Adam Shearer born John Adam Weinland Shearer and better known by his band and recording name John Weinland or Weinland is an American singer-songwriter. Shearer has released four studio albums and is also a member of the band Alialujah Choir.

==Beginnings==
Born in Kalispell, Montana Shearer grew up in a musical family. His dad taught guitar lessons and his mom who studied music at college, played organ at the local church. With only two radio stations in Kalispell, a classic rock and country stations, Shearer's parents were the first to introduce Adam to the music of Neil Young, Cat Stevens and other folk influences. In 1998 Shearer moved to Portland, Oregon to study psychology at Lewis and Clark College. After graduating in 2001, Shearer began writing and performing songs under the name John Weinland. Using a makeshift home studio in 2003/2004 Shearer recorded a series of songs that he pressed to vinyl and sold at Portland shows.
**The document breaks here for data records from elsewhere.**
lemma area_box_Pair:
  "area (box (a, c) (b, d)) = (if a \<le> b \<and> c \<le> d then (b - a) * (d - c) else 0)"
proof -
  have "measure lborel (box (a, c) (b, d)) = measure lborel (cbox (a, c) (b, d))"
    by (simp only: measure_lborel_box_eq measure_lborel_cbox_eq)
  then show ?thesis
    using area_cbox_Pair[of a c b d] by (simp add: area_def)
qed

lemma beta_tile_area_pos:
  assumes "beta_tile \<beta> t" "z \<in> t"
  shows "0 < area t / \<beta>"
proof -
  have "{fst z..fst z} \<times> {snd z..snd z} \<subseteq> t"
    using assms(2) by auto
  then have "(fst z - fst z) * (snd z - snd z) < area t / \<beta>"
    using assms(1) unfolding beta_tile_def by blast
  then show ?thesis
    by simp
qed

lemma area_cbox_less_beta:
  assumes "beta_tile \<beta> t" "0 < area t / \<beta>"
    and "a < b \<Longrightarrow> c < d \<Longrightarrow> cbox (a, c) (b, d) \<subseteq> t"
  shows "area (cbox (a, c) (b, d)) < area t / \<beta>"
proof (cases "a < b \<and> c < d")
  case True
  then have "{a..b} \<times> {c..d} \<subseteq> t"
    using assms(3) by (simp add: cbox_Pair_eq)
  then show ?thesis
    using assms(1) True unfolding beta_tile_def by (simp add: area_cbox_Pair)
next
  case False
  then show ?thesis
    using assms(2) by (auto simp: area_cbox_Pair mult_le_0_iff)
qed

lemma emeasure_lborel_horizontal_slices:
  assumes "(H :: pt set) \<in> sets borel"
  shows "emeasure lborel H = (\<integral>\<^sup>+y. emeasure lborel ((\<lambda>x. (x, y)) -` H) \<partial>lborel)"
proof -
  have "emeasure lborel H = emeasure (lborel \<Otimes>\<^sub>M lborel) H"
    by (simp add: lborel_prod)
  also have "\<dots> = (\<integral>\<^sup>+y. emeasure lborel ((\<lambda>x. (x, y)) -` H) \<partial>lborel)"
    using assms by (intro lborel_pair.emeasure_pair_measure_alt2) (simp only: lborel_prod sets_lborel)
  finally show ?thesis .
qed

lemma area_le_of_horizontal_slices:
  fixes H :: "pt set"
  assumes "(g has_integral I) {c..d}" "H \<in> sets borel" "\<And>y. y \<in> {c..d} \<Longrightarrow> 0 \<le> g y"
    and "\<And>y. y \<in> {c..d} \<Longrightarrow> \<exists>l. (\<lambda>x. (x, y)) -` H \<subseteq> {l..l + g y}"
    and "\<And>y. y \<notin> {c..d} \<Longrightarrow> (\<lambda>x. (x, y)) -` H = {}"
  shows "area H \<le> I"
proof -
  have slice: "emeasure lborel ((\<lambda>x. (x, y)) -` H) \<le> ennreal (g y) * indicator {c..d} y" for y
  proof (cases "y \<in> {c..d}")
    case True
    then obtain l where "(\<lambda>x. (x, y)) -` H \<subseteq> {l..l + g y}"
      using assms(4) by blast
    then have "emeasure lborel ((\<lambda>x. (x, y)) -` H) \<le> emeasure lborel {l..l + g y}"
      by (rule emeasure_mono) simp
    then show ?thesis
      using True assms(3) by simp
  qed (use assms(5) in simp)
  have "emeasure lborel H \<le> (\<integral>\<^sup>+y. ennreal (g y) * indicator {c..d} y \<partial>lborel)"
    unfolding emeasure_lborel_horizontal_slices[OF assms(2)] by (rule nn_integral_mono) (rule slice)
  also have "\<dots> = ennreal I"
    using assms(3,1) by (rule nn_integral_has_integral_lebesgue')
  finally have "emeasure lborel H \<le> ennreal I" .
  moreover have "0 \<le> I"
    using assms(1,3) by (rule has_integral_nonneg)
  ultimately show ?thesis
    using assms(2) by (simp add: area_def measure_def enn2real_leI)
qed

lemma area_eq_of_horizontal_slices:
  fixes H :: "pt set"
  assumes "H \<in> sets borel" "c \<le> d" "0 \<le> w"
    and "\<And>y. y \<in> {c..d} \<Longrightarrow> (\<lambda>x. (x, y)) -` H = {l y..l y + w}"
    and "\<And>y. y \<notin> {c..d} \<Longrightarrow> (\<lambda>x. (x, y)) -` H = {}"
  shows "area H = w * (d - c)"
proof -
  have "emeasure lborel H = (\<integral>\<^sup>+y. ennreal w * indicator {c..d} y \<partial>lborel)"
    unfolding emeasure_lborel_horizontal_slices[OF assms(1)]
  proof (rule nn_integral_cong)
    fix y
    show "emeasure lborel ((\<lambda>x. (x, y)) -` H) = ennreal w * indicator {c..d} y"
      by (cases "y \<in> {c..d}") (simp_all add: assms(3-5))
  qed
  also have "\<dots> = ennreal (w * (d - c))"
    using assms(2,3) by (simp add: nn_integral_cmult_indicator ennreal_mult)
  finally show ?thesis
    using assms(1-3) by (simp add: area_def measure_def)
qed

lemma lmeasurable_horizontal_slice:
  fixes M :: "pt set"
  assumes "compact M"
  shows "{x. (x, y) \<in> M} \<in> lmeasurable"
proof (rule lmeasurable_compact)
  have "closed ((\<lambda>x. (x, y)) -` M)"
    using compact_imp_closed[OF assms] by (intro continuous_closed_vimage continuous_intros)
  moreover have "(\<lambda>x. (x, y)) -` M \<subseteq> fst ` M"
    by (metis fst_conv image_eqI subsetI vimageE)
  then have "bounded ((\<lambda>x. (x, y)) -` M)"
    using bounded_fst[OF compact_imp_bounded[OF assms]] by (rule bounded_subset[rotated])
  ultimately show "compact {x. (x, y) \<in> M}"
    by (simp add: compact_eq_bounded_closed vimage_def)
qed

lemma lmeasurable_vertical_slice:
  fixes M :: "pt set"
  assumes "compact M"
  shows "{y. (x, y) \<in> M} \<in> lmeasurable"
proof (rule lmeasurable_compact)
  have "closed (Pair x -` M)"
    using compact_imp_closed[OF assms] by (intro continuous_closed_vimage continuous_intros)
  moreover have "Pair x -` M \<subseteq> snd ` M"
    by (metis snd_conv image_eqI subsetI vimageE)
  then have "bounded (Pair x -` M)"
    using bounded_snd[OF compact_imp_bounded[OF assms]] by (rule bounded_subset[rotated])
  ultimately show "compact {y. (x, y) \<in> M}"
    by (simp add: compact_eq_bounded_closed vimage_def)
qed

lemma le_bottom_len:
  assumes "compact M" "a \<le> b" "{a..b} \<times> {snd p} \<subseteq> M"
  shows "b - a \<le> bottom_len p M"
proof -
  have "measure lebesgue {a..b} \<le> bottom_len p M"
    unfolding bottom_len_def using assms(3) lmeasurable_horizontal_slice[OF assms(1)]
    by (intro measure_mono_fmeasurable) auto
  then show ?thesis
    using assms(2) by simp
qed

lemma le_left_len:
  assumes "compact M" "a \<le> b" "{fst p} \<times> {a..b} \<subseteq> M"
  shows "b - a \<le> left_len p M"
proof -
  have "measure lebesgue {a..b} \<le> left_len p M"
    unfolding left_len_def using assms(3) lmeasurable_vertical_slice[OF assms(1)]
    by (intro measure_mono_fmeasurable) auto
  then show ?thesis
    using assms(2) by simp
qed

lemma right_part_lmeasurable:
  assumes "t \<in> lmeasurable"
  shows "right_part t c \<in> lmeasurable"
proof -
  have "right_part t c = t \<inter> {z. fst c < fst z}"
    by (auto simp: right_part_def)
  moreover have "open {z :: pt. fst c < fst z}"
    by (intro open_Collect_less continuous_intros)
  ultimately show ?thesis
    using assms by (simp add: fmeasurable_Int_fmeasurable borel_open)
qed

lemma upper_part_lmeasurable:
  assumes "t \<in> lmeasurable"
  shows "upper_part t c \<in> lmeasurable"
proof -
  have "upper_part t c = t \<inter> {z. snd c < snd z}"
    by (auto simp: upper_part_def)
  moreover have "open {z :: pt. snd c < snd z}"
    by (intro open_Collect_less continuous_intros)
  ultimately show ?thesis
    using assms by (simp add: fmeasurable_Int_fmeasurable borel_open)
qed

lemma upper_part_borel:
  assumes "t \<in> sets borel"
  shows "upper_part t c \<in> sets borel"
proof -
  have "upper_part t c = t \<inter> {z. snd c < snd z}"
    by (auto simp: upper_part_def)
  moreover have "open {z :: pt. snd c < snd z}"
    by (intro open_Collect_less continuous_intros)
  ultimately show ?thesis
    using assms by (simp add: borel_open sets.Int)
qed

lemma area_right_part_add_box_le:
  assumes "t \<in> lmeasurable" "box (fst c, y0) (fst c', y1) \<subseteq> t" "fst c \<le> fst c'" "y0 \<le> y1"
  shows "area (right_part t c') + (fst c' - fst c) * (y1 - y0) \<le> area (right_part t c)"
proof -
  let ?B = "box (fst c, y0) (fst c', y1)"
  have "?B \<inter> right_part t c' = {}"
    by (auto simp: box_Pair_eq right_part_def)
  then have "area ?B + area (right_part t c') = area (?B \<union> right_part t c')"
    unfolding area_def using right_part_lmeasurable[OF assms(1)] by (simp add: measure_Un3)
  also have "\<dots> \<le> area (right_part t c)"
  proof (rule area_mono)
    show "?B \<union> right_part t c' \<subseteq> right_part t c"
      using assms(2,3) by (auto simp: box_Pair_eq right_part_def)
  qed (auto intro!: sets.Un fmeasurableD right_part_lmeasurable assms(1))
  finally show ?thesis
    using assms(3,4) by (simp add: area_box_Pair)
qed

section \<open>Tiles\<close>

definition free_region :: "pt \<Rightarrow> pt set \<Rightarrow> pt set" where
  "free_region p Q = {z \<in> unit_square. dominates p z \<and> (\<forall>q\<in>Q. \<not> dominates q z)}"

definition tile_at :: "pt \<Rightarrow> pt set \<Rightarrow> pt set" where
  "tile_at p Q = closure (free_region p Q)"

lemma tile_eq_tile_at: "tile ps i = tile_at (ps ! i) ((!) ps ` {..<i})"
  unfolding tile_def tile_at_def free_region_def by (rule arg_cong[where f = closure]) auto

lemma closed_unit_square: "closed unit_square"
  unfolding unit_square_def by (intro closed_Collect_conj closed_Collect_le continuous_intros)

lemma bounded_unit_square: "bounded unit_square"
  by (rule bounded_subset[OF bounded_cbox[of "(0, 0)" "(1, 1)"]])
    (auto simp: unit_square_def cbox_Pair_eq)

lemma tile_at_subset: "tile_at p Q \<subseteq> unit_square \<inter> {z. dominates p z}"
proof -
  have "closed (unit_square \<inter> {z. dominates p z})"
    unfolding dominates_def
    by (intro closed_Int closed_unit_square closed_Collect_conj closed_Collect_le continuous_intros)
  then show ?thesis
    unfolding tile_at_def by (rule closure_minimal[rotated]) (auto simp: free_region_def)
qed

lemma tile_at_memD:
  assumes "z \<in> tile_at p Q"
  shows "z \<in> unit_square" "dominates p z"
  using assms tile_at_subset[of p Q] by blast+

lemma compact_tile_at: "compact (tile_at p Q)"
  unfolding compact_eq_bounded_closed
  using bounded_subset[OF bounded_unit_square] tile_at_subset by (auto simp: tile_at_def)

lemma tile_at_lmeasurable: "tile_at p Q \<in> lmeasurable"
  by (rule lmeasurable_compact[OF compact_tile_at])

lemma tile_at_down_closed:
  assumes "z \<in> tile_at p Q" "p \<in> unit_square" "dominates p w" "dominates w z"
  shows "w \<in> tile_at p Q"
proof -
  define \<phi> where "\<phi> v = (min (fst w) (fst v), min (snd w) (snd v))" for v :: pt
  have "\<phi> v \<in> free_region p Q" if "v \<in> free_region p Q" for v
    using that assms(2,3) by (auto simp: free_region_def \<phi>_def dominates_def unit_square_def)
  then have "\<phi> ` free_region p Q \<subseteq> free_region p Q"
    by blast
  moreover have "continuous_on UNIV \<phi>"
    unfolding \<phi>_def by (intro continuous_intros)
  ultimately have "\<phi> ` tile_at p Q \<subseteq> tile_at p Q"
    unfolding tile_at_def
    by (meson closed_closure closure_subset continuous_on_subset image_closure_subset
        order_trans subset_UNIV)
  moreover have "\<phi> z = w"
    using assms(4) by (auto simp: \<phi>_def dominates_def)
  ultimately show ?thesis
    using assms(1) by blast
qed

lemma tile_at_not_northeast:
  assumes "z \<in> tile_at p Q" "q \<in> Q"
  shows "\<not> (fst q < fst z \<and> snd q < snd z)"
proof -
  have "open {z :: pt. fst q < fst z \<and> snd q < snd z}"
    by (intro open_Collect_conj open_Collect_less continuous_intros)
  moreover have "{z. fst q < fst z \<and> snd q < snd z} \<inter> free_region p Q = {}"
    using assms(2) by (auto simp: free_region_def dominates_def)
  ultimately show ?thesis
    using assms(1) open_Int_closure_eq_empty unfolding tile_at_def by blast
qed

lemma cbox_subset_tile_at:
  assumes "p \<in> unit_square" "fst p \<le> a" "a < b" "b \<le> 1" "snd p \<le> c" "c < d" "d \<le> 1"
    and "\<forall>q\<in>Q. b \<le> fst q \<or> d \<le> snd q"
  shows "cbox (a, c) (b, d) \<subseteq> tile_at p Q"
proof -
  have "box (a, c) (b, d) \<subseteq> free_region p Q"
    using assms by (fastforce simp: box_Pair_eq free_region_def dominates_def unit_square_def)
  then have "closure (box (a, c) (b, d)) \<subseteq> tile_at p Q"
    unfolding tile_at_def by (rule closure_mono)
  moreover have "box (a, c) (b, d) \<noteq> {}"
    using assms(3,6) by (simp add: box_Pair_eq)
  ultimately show ?thesis
    by (metis closure_box)
qed

section \<open>Concave corners of a tile\<close>

lemma dist_le_sum_abs: "dist u v \<le> \<bar>fst u - fst v\<bar> + \<bar>snd u - snd v\<bar>" for u v :: pt
  using norm_Pair_le[of "fst u - fst v" "snd u - snd v"] by (cases u, cases v) (simp add: dist_norm)

lemma concave_corner_in_closure:
  assumes "concave_corner t c"
  shows "c \<in> closure t"
proof -
  obtain \<epsilon> sx sy where \<epsilon>: "\<epsilon> > 0" and sx: "sx \<in> {-1, 1::real}" and sy: "sy \<in> {-1, 1::real}"
    and eq: "ball c \<epsilon> \<inter> interior t =
      ball c \<epsilon> - {z. 0 \<le> sx * (fst z - fst c) \<and> 0 \<le> sy * (snd z - snd c)}"
    using assms unfolding concave_corner_def by blast
  have "\<exists>y\<in>t. dist y c < e" if "e > 0" for e
  proof -
    define d where "d = min e \<epsilon> / 3"
    define y where "y = (fst c - sx * d, snd c - sy * d)"
    have "dist y c \<le> \<bar>sx * d\<bar> + \<bar>sy * d\<bar>"
      using dist_le_sum_abs[of y c] by (simp add: y_def)
    also have "\<dots> = 2 * d"
      using sx sy \<open>e > 0\<close> \<epsilon> by (auto simp: d_def)
    moreover have "0 < min e \<epsilon>"
      using \<open>e > 0\<close> \<epsilon> by simp
    ultimately have "dist y c < min e \<epsilon>"
      unfolding d_def by linarith
    moreover have "sx * (fst y - fst c) < 0"
      using sx \<open>e > 0\<close> \<epsilon> by (auto simp: y_def d_def)
    ultimately have "y \<in> ball c \<epsilon> - {z. 0 \<le> sx * (fst z - fst c) \<and> 0 \<le> sy * (snd z - snd c)}"
      by (auto simp: dist_commute)
    then have "y \<in> interior t"
      using eq by blast
    then show ?thesis
      using interior_subset \<open>dist y c < min e \<epsilon>\<close> by force
  qed
  then show ?thesis
    by (simp add: closure_approachable)
qed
In 2005 Aaron Pomerantz (dobro/mandolin) and Rory Brown (bass) joined Shearer and took John Weinland from a solo project to a trio. The following year additional musicians joined the band and in 2006 Shearer recorded his first studio album Demersville.

==Weinland albums==

===Demersville (2006)===
Released on July 4, 2006, Demersville was recorded at Portland's Type Foundry and was produced by John Weinland and Adam Selzer. In addition to Aaron Pomerantz (dobro, mandolin, harmony vocals) and Rory Brown (bass); Ian Lyles played drums and banjo on the Demersville album and later became the primary drummer for Weinland.

For the Demersville sessions Shearer also recruited Alia Farah to play piano on Piles of Clothes, The Letters, In Which Case, From a Town You Left. Rachel Blumberg of The Decemberists, Norfolk & Western, M. Ward and Bright Eyes sang harmony vocals on The Letters, In Which Case. Adam Selzer of Norfolk & Western and M Ward played electric guitar on From a Town You Left and harmonica on The Letters. Two other musicians who contributed to the Demersville album are Jesse Richter and Katie O'Brian of Dolorean and The Corin Tucker Band. Richter played pedal Steel guitar on Other Folks and O'Brian played violin and cello on Piles of Clothes, Young and Smart, Scene 30.

On July 14, 2006, John Weinland played a sold-out show at Mississippi Studios which included Paul Christensen on keyboards. After the show the Willamette Week referred to Shearer as one of the strongest young songwriters in Portland.The Portland Mercury called Demersville "...an amazing & intimate collection of hauntingly beautiful folk lullabies." Positive editorial support continued to follow John Weinland and the band continued to grow in numbers.

===La Lamentor (2008)===
With the addition of Ian Lyles (drums) and Paul Christensen (keyboards), Shearer wanted to distance himself from the solo origin of John Weinland and foster a band-like ambiance. For La Lamentor he omitted John and changed the band's name to Weinland.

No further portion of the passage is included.